Intelligence territoriale

L’intelligence territoriale

 

L’intelligence territoriale – qui ne fait pas aujourd’hui encore totalement l’unanimité au sein des sciences de l’information et de la communication – renvoie, sur un plan général, à un processus cognitif que les différentes communautés territoriales mettent en œuvre pour assurer le développement équitable et soutenable de leurs territoires (Girardot, 2004) via des méthodes collaboratives de transformation et de partage des connaissances (Bozzano, 2009). Historiquement, l’intelligence territoriale, correspond à l’ensemble des connaissances pluridisciplinaires nécessaires pour connaître et agir sur des territoires (Girardot, 2004). Plus précisément, elle relève d’un processus cognitif d’organisation de l’information (Dumas, 2004) qui résulte de l’appropriation [par les acteurs] des ressources d’un territoire (Bertacchini, 2004) via, notamment, l’utilisation pertinente d’outils numériques de diagnostic territorial. Plus précisément, elle se décline aujourd’hui comme un processus de coopération communautaire » mettant en œuvre une « intelligence embarquée utilisant les TIC (Bertacchini, Girardot & Gramaccia, 2006).

C’est dans ce cadre conceptuel qu’ont été analysés par les chercheurs de l’OER-OET l’expérimentation italienne de Sérino[1] et le développement plus récent d’un diagnostic territorial sur la commune wallonne déshéritée de Seraing, près de Liège, cadre incluant l’utilisation du débat argumenté et réglé de type « habermassien » pour la co-construction de savoirs développée dans l’enseignement du développement durable (Legardez, 2007). Les actions pédagogiques de vulgarisation auprès des acteurs territoriaux des résultats scientifiques obtenus par l’OER, puis par l’OET rentrent elles-aussi dans ce cadre conceptuel. Car – de facto – l’Observatoire de l’Ecole Rurale et l’Observatoire éducation et territoires ont tous les deux empiriquement mis en œuvre une démarche d’investigation collective, participative et coopérative se rapprochant de l’intelligence territoriale, avant même que la notion d’intelligence territoriale ne fût véritablement ès qualité scientifiquement conceptualisée.

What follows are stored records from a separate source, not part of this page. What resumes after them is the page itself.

lemma convex_lex_halfspace:
  fixes v w :: "'a::real_inner"
  shows "convex {z. c < v \<bullet> z \<or> (v \<bullet> z = c \<and> w \<bullet> z \<le> d)}"
proof (rule convexI)
  fix x y and s t :: real
  assume x: "x \<in> {z. c < v \<bullet> z \<or> (v \<bullet> z = c \<and> w \<bullet> z \<le> d)}"
    and y: "y \<in> {z. c < v \<bullet> z \<or> (v \<bullet> z = c \<and> w \<bullet> z \<le> d)}"
    and st: "0 \<le> s" "0 \<le> t" "s + t = 1"
  have lin: "u \<bullet> (s *\<^sub>R x + t *\<^sub>R y) = s * (u \<bullet> x) + t * (u \<bullet> y)" for u
    by (simp add: inner_add_right)
  consider "s = 0" | "t = 0" | "0 < s" "0 < t"
    using st by linarith
  then show "s *\<^sub>R x + t *\<^sub>R y \<in> {z. c < v \<bullet> z \<or> (v \<bullet> z = c \<and> w \<bullet> z \<le> d)}"
  proof cases
    case 3
    have ge: "s * c \<le> s * (v \<bullet> x)" "t * c \<le> t * (v \<bullet> y)"
      using x y st by (auto intro!: mult_left_mono)
    show ?thesis
    proof (cases "c < v \<bullet> x \<or> c < v \<bullet> y")
      case True
      then have "s * c + t * c < s * (v \<bullet> x) + t * (v \<bullet> y)"
        using ge 3 by (auto intro: add_less_le_mono add_le_less_mono)
      then show ?thesis
        using st by (simp add: lin flip: distrib_right)
    next
      case False
      then have "v \<bullet> x = c" "v \<bullet> y = c" "w \<bullet> x \<le> d" "w \<bullet> y \<le> d"
        using x y by auto
      moreover have "s * (w \<bullet> x) + t * (w \<bullet> y) \<le> s * d + t * d"
        using calculation st by (intro add_mono mult_left_mono) auto
      ultimately show ?thesis
        using st by (simp add: lin flip: distrib_right)
    qed
  qed (use x y st in auto)
qed

lemma lead_mono_extreme_point:
  assumes "l > 0" and lead: "lead_mono l q m"
  shows "(real (fst m), real (snd m)) extreme_point_of newton_polygon q"
proof -
  define M where "M = (real (fst m), real (snd m))"
  define c where "c = wdeg l m"
  define H :: "(real \<times> real) set"
    where "H = {z. c < (1, l) \<bullet> z \<or> ((1, l) \<bullet> z = c \<and> (0, 1) \<bullet> z \<le> real (snd m))}"
  have gen: "(x, y) \<in> H" if "q i j \<noteq> 0" "real i \<le> x" "real j \<le> y" for i j x y
  proof -
    have "mono_le l m (i, j)"
      using lead that(1) lead_mono_le by fastforce
    moreover have "wdeg l (i, j) \<le> x + l * y" "real j < y \<Longrightarrow> wdeg l (i, j) < x + l * y"
      using that \<open>l > 0\<close> by (auto simp: wdeg_def intro!: add_mono add_le_less_mono)
    ultimately show ?thesis
      using that by (cases "real j < y") (auto simp: H_def c_def mono_le_def)
  qed
  have N_sub_H: "newton_polygon q \<subseteq> H"
    unfolding newton_polygon_def
  proof (rule hull_minimal)
    show "convex H"
      unfolding H_def by (rule convex_lex_halfspace)
  qed (use gen in blast)
  have M_in: "M \<in> newton_polygon q"
    using lead by (auto simp: M_def lead_mono_def intro: newton_polygon_memI)
  have collapse: "a = b" if "a \<in> H" "b \<in> H" "M \<in> open_segment a b" for a b
  proof -
    have "(1, l) \<bullet> M = c"
      by (simp add: M_def c_def wdeg_def)
    then have "(1, l) \<bullet> a = c" "(1, l) \<bullet> b = c"
      using that open_segment_inner_ge_eq[of M a b c "(1, l)"] by (auto simp: H_def)
    moreover have "snd a \<le> real (snd m)" "snd b \<le> real (snd m)"
      using that calculation by (auto simp: H_def inner_prod_def)
    ultimately have "(0, -1) \<bullet> a = - real (snd m)" "(0, -1) \<bullet> b = - real (snd m)"
      using that(3) open_segment_inner_ge_eq[of M a b "- real (snd m)" "(0, -1)"]
      by (auto simp: M_def inner_prod_def)
    with \<open>(1, l) \<bullet> a = c\<close> \<open>(1, l) \<bullet> b = c\<close> show "a = b"
      by (simp add: prod_eq_iff inner_prod_def)
  qed
  show ?thesis
    unfolding M_def[symmetric] extreme_point_of_def
  proof (intro conjI ballI notI M_in)
    fix a b assume "a \<in> newton_polygon q" "b \<in> newton_polygon q" "M \<in> open_segment a b"
    with N_sub_H collapse have "a = b" by blast
    with \<open>M \<in> open_segment a b\<close> show False by simp
  qed
qed

lemma newton_polygon_no_extreme_above_chord:
  fixes L A B :: "real \<times> real"
  assumes L: "L \<in> newton_polygon q" and B: "B \<in> newton_polygon q" and "l > 0"
    and order: "fst L < fst A" "fst A < fst B"
    and below: "(1, l) \<bullet> L < (1, l) \<bullet> A" "(1, l) \<bullet> B \<le> (1, l) \<bullet> A"
  shows "\<not> A extreme_point_of newton_polygon q"
proof
  assume A: "A extreme_point_of newton_polygon q"
  define \<theta> where "\<theta> = (fst A - fst L) / (fst B - fst L)"
  have \<theta>: "0 < \<theta>" "\<theta> < 1"
    using order by (auto simp: \<theta>_def field_simps)
  define Z where "Z = (1 - \<theta>) *\<^sub>R L + \<theta> *\<^sub>R B"
  have Z: "Z \<in> newton_polygon q"
    unfolding Z_def using \<theta> L B by (intro convexD_alt convex_newton_polygon) auto
  have "\<theta> * (fst B - fst L) = fst A - fst L"
    using order by (simp add: \<theta>_def)
  then have "fst Z = fst A"
    by (simp add: Z_def algebra_simps)
  moreover have "(1, l) \<bullet> Z < (1, l) \<bullet> A"
  proof -
    have "(1, l) \<bullet> Z = (1 - \<theta>) * ((1, l) \<bullet> L) + \<theta> * ((1, l) \<bullet> B)"
      by (simp add: Z_def inner_add_right)
    also have "\<dots> < (1 - \<theta>) * ((1, l) \<bullet> A) + \<theta> * ((1, l) \<bullet> A)"
      using \<theta> below by (intro add_less_le_mono mult_strict_left_mono mult_left_mono) auto
    finally show ?thesis
      by (simp add: algebra_simps)
  qed
  ultimately have "snd Z < snd A"
    using \<open>l > 0\<close> by (simp add: inner_prod_def)
  then have "Z + (0, 2 * (snd A - snd Z)) \<in> newton_polygon q"
    by (intro newton_polygon_shift_up Z) simp
  moreover have "midpoint Z (Z + (0, 2 * (snd A - snd Z))) = A"
    using \<open>fst Z = fst A\<close> by (simp add: midpoint_def prod_eq_iff)
  moreover have "Z \<noteq> Z + (0, 2 * (snd A - snd Z))"
    using \<open>snd Z < snd A\<close> by (simp add: prod_eq_iff)
  ultimately show False
    using A Z not_extreme_point_midpoint by metis
qed

lemma lift_Suc_mono_less_bounded:
  fixes f :: "nat \<Rightarrow> 'a::order"
  assumes "\<And>i. k \<le> i \<Longrightarrow> i < j \<Longrightarrow> f i < f (Suc i)" "k < j"
  shows "f k < f j"
  using assms
proof (induction j)
  case (Suc j)
  then show ?case
    by (cases "k = j") (auto intro: order.strict_trans)
qed simp

lemma newton_polygon_vertex:
  fixes ns ms :: "nat \<Rightarrow> nat"
  assumes vertices: "{(real (ns k), real (ms k)) | k. 1 \<le> k \<and> k \<le> s}
                     = {v. v extreme_point_of newton_polygon q}"
    and "1 \<le> k" "k \<le> s"
  shows "(real (ns k), real (ms k)) extreme_point_of newton_polygon q" "q (ns k) (ms k) \<noteq> 0"
proof -
  have "(real (ns k), real (ms k)) \<in> {(real (ns k), real (ms k)) | k. 1 \<le> k \<and> k \<le> s}"
    using assms(2,3) by blast
  then show extreme: "(real (ns k), real (ms k)) extreme_point_of newton_polygon q"
    by (simp only: vertices mem_Collect_eq)
  then show "q (ns k) (ms k) \<noteq> 0"
    by (auto elim: extreme_point_newton_polygon_monomial)
qed

lemma newton_polygon_vertex_above_last_edge:
  fixes ns ms :: "nat \<Rightarrow> nat"
  assumes ns_mono: "\<And>k. 1 \<le> k \<Longrightarrow> k < s \<Longrightarrow> ns k < ns (Suc k)"
    and vertices: "{(real (ns k), real (ms k)) | k. 1 \<le> k \<and> k \<le> s}
                     = {v. v extreme_point_of newton_polygon q}"
    and "s > 1" "l > 0"
    and edge: "real (ns (s - 1)) + l * real (ms (s - 1)) = real (ns s) + l * real (ms s)"
    and k: "1 \<le> k" "k \<le> s"
  shows "real (ns s) + l * real (ms s) \<le> real (ns k) + l * real (ms k)"
proof (rule ccontr)
  assume below: "\<not> ?thesis"
  with edge k have "k < s - 1"
    by (cases "k = s \<or> k = s - 1") auto
  then have "ns k < ns (s - 1)"
    using k(1) by (rule_tac lift_Suc_mono_less_bounded) (auto intro: ns_mono)
  have "\<not> (real (ns (s - 1)), real (ms (s - 1))) extreme_point_of newton_polygon q"
  proof (rule newton_polygon_no_extreme_above_chord[where l = l])
    show "(real (ns k), real (ms k)) \<in> newton_polygon q"
      "(real (ns s), real (ms s)) \<in> newton_polygon q"
      using newton_polygon_vertex(1)[OF vertices] k \<open>s > 1\<close> by (auto simp: extreme_point_of_def)
    show "fst (real (ns k), real (ms k)) < fst (real (ns (s - 1)), real (ms (s - 1)))"
      "fst (real (ns (s - 1)), real (ms (s - 1))) < fst (real (ns s), real (ms s))"
      using \<open>ns k < ns (s - 1)\<close> ns_mono[of "s - 1"] \<open>s > 1\<close> by simp_all
  qed (use below edge \<open>l > 0\<close> in simp_all)
  moreover have "1 \<le> s - 1" "s - 1 \<le> s"
    using \<open>s > 1\<close> by simp_all
  ultimately show False
    using newton_polygon_vertex(1)[OF vertices] by blast
qed

lemma newton_polygon_last_edge_bound:
  fixes ns ms :: "nat \<Rightarrow> nat"
  assumes ns_mono: "\<And>k. 1 \<le> k \<Longrightarrow> k < s \<Longrightarrow> ns k < ns (Suc k)"
    and vertices: "{(real (ns k), real (ms k)) | k. 1 \<le> k \<and> k \<le> s}
                     = {v. v extreme_point_of newton_polygon q}"
    and "s > 1" and ms_last: "ms s < ms (s - 1)"
    and l_def: "l = (real (ns s) - real (ns (s - 1))) / (real (ms (s - 1)) - real (ms s))"
    and "q u v \<noteq> 0"
  shows "real (ns s) + l * real (ms s) \<le> real u + l * real v"
proof -
  have "l > 0"
    using ns_mono[of "s - 1"] \<open>s > 1\<close> ms_last by (simp add: l_def)
  have "l * (real (ms (s - 1)) - real (ms s)) = real (ns s) - real (ns (s - 1))"
    using ms_last by (simp add: l_def)
  then have edge: "real (ns (s - 1)) + l * real (ms (s - 1)) = real (ns s) + l * real (ms s)"
    by (simp add: algebra_simps)
  obtain m where lead: "lead_mono l q m"
    using lead_mono_exists[of l q u v] \<open>l > 0\<close> \<open>q u v \<noteq> 0\<close> by blast
  have "(real (fst m), real (snd m)) \<in> {v. v extreme_point_of newton_polygon q}"
    using lead_mono_extreme_point[OF \<open>l > 0\<close> lead] by simp
  then obtain k where k: "1 \<le> k" "k \<le> s" "fst m = ns k" "snd m = ms k"
    unfolding vertices[symmetric] by auto
  have "real (ns s) + l * real (ms s) \<le> real (ns k) + l * real (ms k)"
    by (rule newton_polygon_vertex_above_last_edge[OF ns_mono vertices \<open>s > 1\<close> \<open>l > 0\<close> edge k(1,2)])
  also have "\<dots> = wdeg l m"
    using k by (simp add: wdeg_def)
  also have "\<dots> \<le> wdeg l (u, v)"
    using lead_mono_le[OF lead, of "(u, v)"] \<open>q u v \<noteq> 0\<close> by (auto simp: mono_le_def)
  finally show ?thesis
    by (simp add: wdeg_def)
qed

section \<open>Iterates of the skew product\<close>

definition Pit :: "(nat \<Rightarrow> complex) \<Rightarrow> bser \<Rightarrow> nat \<Rightarrow> bser" where
  "Pit a q n = fst (skew_iter a q n)"

lemma skew_iter_simps:
  "Pit a q 0 = bZ" "Qit a q 0 = bW"
  "Pit a q (Suc n) = bsubst (zser a) (Pit a q n) (Qit a q n)"
  "Qit a q (Suc n) = bsubst q (Pit a q n) (Qit a q n)"
  by (simp_all add: Pit_def Qit_def split_beta)

lemma lead_mono_bsubst_zser:
  assumes P: "lead_mono l P (t, 0)" "t \<ge> 1" and R: "lead_mono l R r" "r \<noteq> 0"
    and a_low: "\<And>i. i < \<delta> \<Longrightarrow> a i = 0" and "a \<delta> \<noteq> 0"
  shows "lead_mono l (bsubst (zser a) P R) (\<delta> * t, 0)"
proof -
  have "lead_mono l (bsubst (zser a) P R) (smul \<delta> (t, 0) + smul 0 r)"
  proof (rule lead_mono_bsubst[OF P(1) R(1)])
    fix u v assume "zser a u v \<noteq> 0" "(u, v) \<noteq> (\<delta>, 0)"
    then have "v = 0" "\<delta> < u"
      using a_low by (auto simp: zser_def split: if_splits) (metis linorder_neqE_nat)
    moreover have "real \<delta> * real t < real u * real t"
      using \<open>\<delta> < u\<close> \<open>t \<ge> 1\<close> by simp
    ultimately show "mono_le l (smul \<delta> (t, 0) + smul 0 r) (smul u (t, 0) + smul v r) \<and>
        smul u (t, 0) + smul v r \<noteq> smul \<delta> (t, 0) + smul 0 r"
      using \<open>t \<ge> 1\<close> by (auto simp: mono_le_def wdeg_def smul_def)
  qed (use \<open>t \<ge> 1\<close> \<open>r \<noteq> 0\<close> \<open>a \<delta> \<noteq> 0\<close> in \<open>auto simp: zser_def zero_prod_def\<close>)
  then show ?thesis
    by (simp add: smul_def)
qed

Toutes ces pratiques expérimentales d’acteurs territoriaux et de chercheurs en sciences humaines ont eu et ont toujours en commun – il s’agit là de la démarche fondamentale de l’intelligence territoriale – de vouloir redonner prise sur eux-mêmes à des habitants et des acteurs locaux dépossédés de la maîtrise de leur « destin », aussi bien collectivement qu’individuellement. Développées dans le cadre renouvelé du développement durable, incluant donc des formes de participation coopérative relevant d’une dynamique à visée démocratique, ces pratiques relevant de l’intelligence territoriale ont pour objectifs premiers de favoriser l’auto-construction d’identités collectives fondées sur la notion de décision participative (Froger & Oberti, 2002) qui dépassent l’identité patrimoniale pour se tourner vers l’avenir en tant que forces de proposition et d’action. Du reste, de plus en plus de pratiques éco-socio-citoyennes d’acteurs territoriaux, comme l’a fait l’OER depuis le début, promeuvent aujourd’hui dans ce but l’appropriation collective d’instruments numériques – mais pas que – de diagnostic territorial et de compréhension contextuelle. Il en va également ainsi, par exemple, de l’observatoire numérique territorial développé par l’association belge d’Optim@, de l’Observatoire des quartiers sud de Marseille (OSQM) et des journées de formation acteurs-chercheurs à l’éducation au développement durable (JEDD) de Digne-les-Bains développées depuis trois ans.

PC & MF

Pour plus de détails, voir l’article de Pierre Champollion et Michel Floro intitulé « Du diagnostic territorial à la prise en compte du contexte territorial. La démarche d’intelligence territoriale à l’œuvre dans l’éducation » dans le hors série n° 16 de la revue Diversité en fin 2015.

[1] Réfléchir collectivement sur le plan local à l’avenir des élèves – ici dans le territoire, mais sans les y « enfermer » ! – c’est ce qui avait été tenté, dans le contexte déshérité de la vallée de Serino, en Campanie, dans l’Italie du sud, un milieu très défavorisé. Dans cette vallée déshéritée de Campanie, les enseignants des établissements scolaires locaux (écoles, collèges et lycées), à la fin des années 1995, avaient regroupé leurs efforts pour essayer, au travers d’un développement local adossé aux savoirs locaux, patrimoniaux entre autres, qui était essentiellement conduit par les acteurs éducatifs locaux, de favoriser par leurs projets socio-économiques l’avenir, id est l’insertion professionnelle locale, des élèves qu’ils scolarisaient qui, sinon, auraient eu toutes chances de se retrouver durablement au chômage (Pesiri, 1998; Champollion, 2013).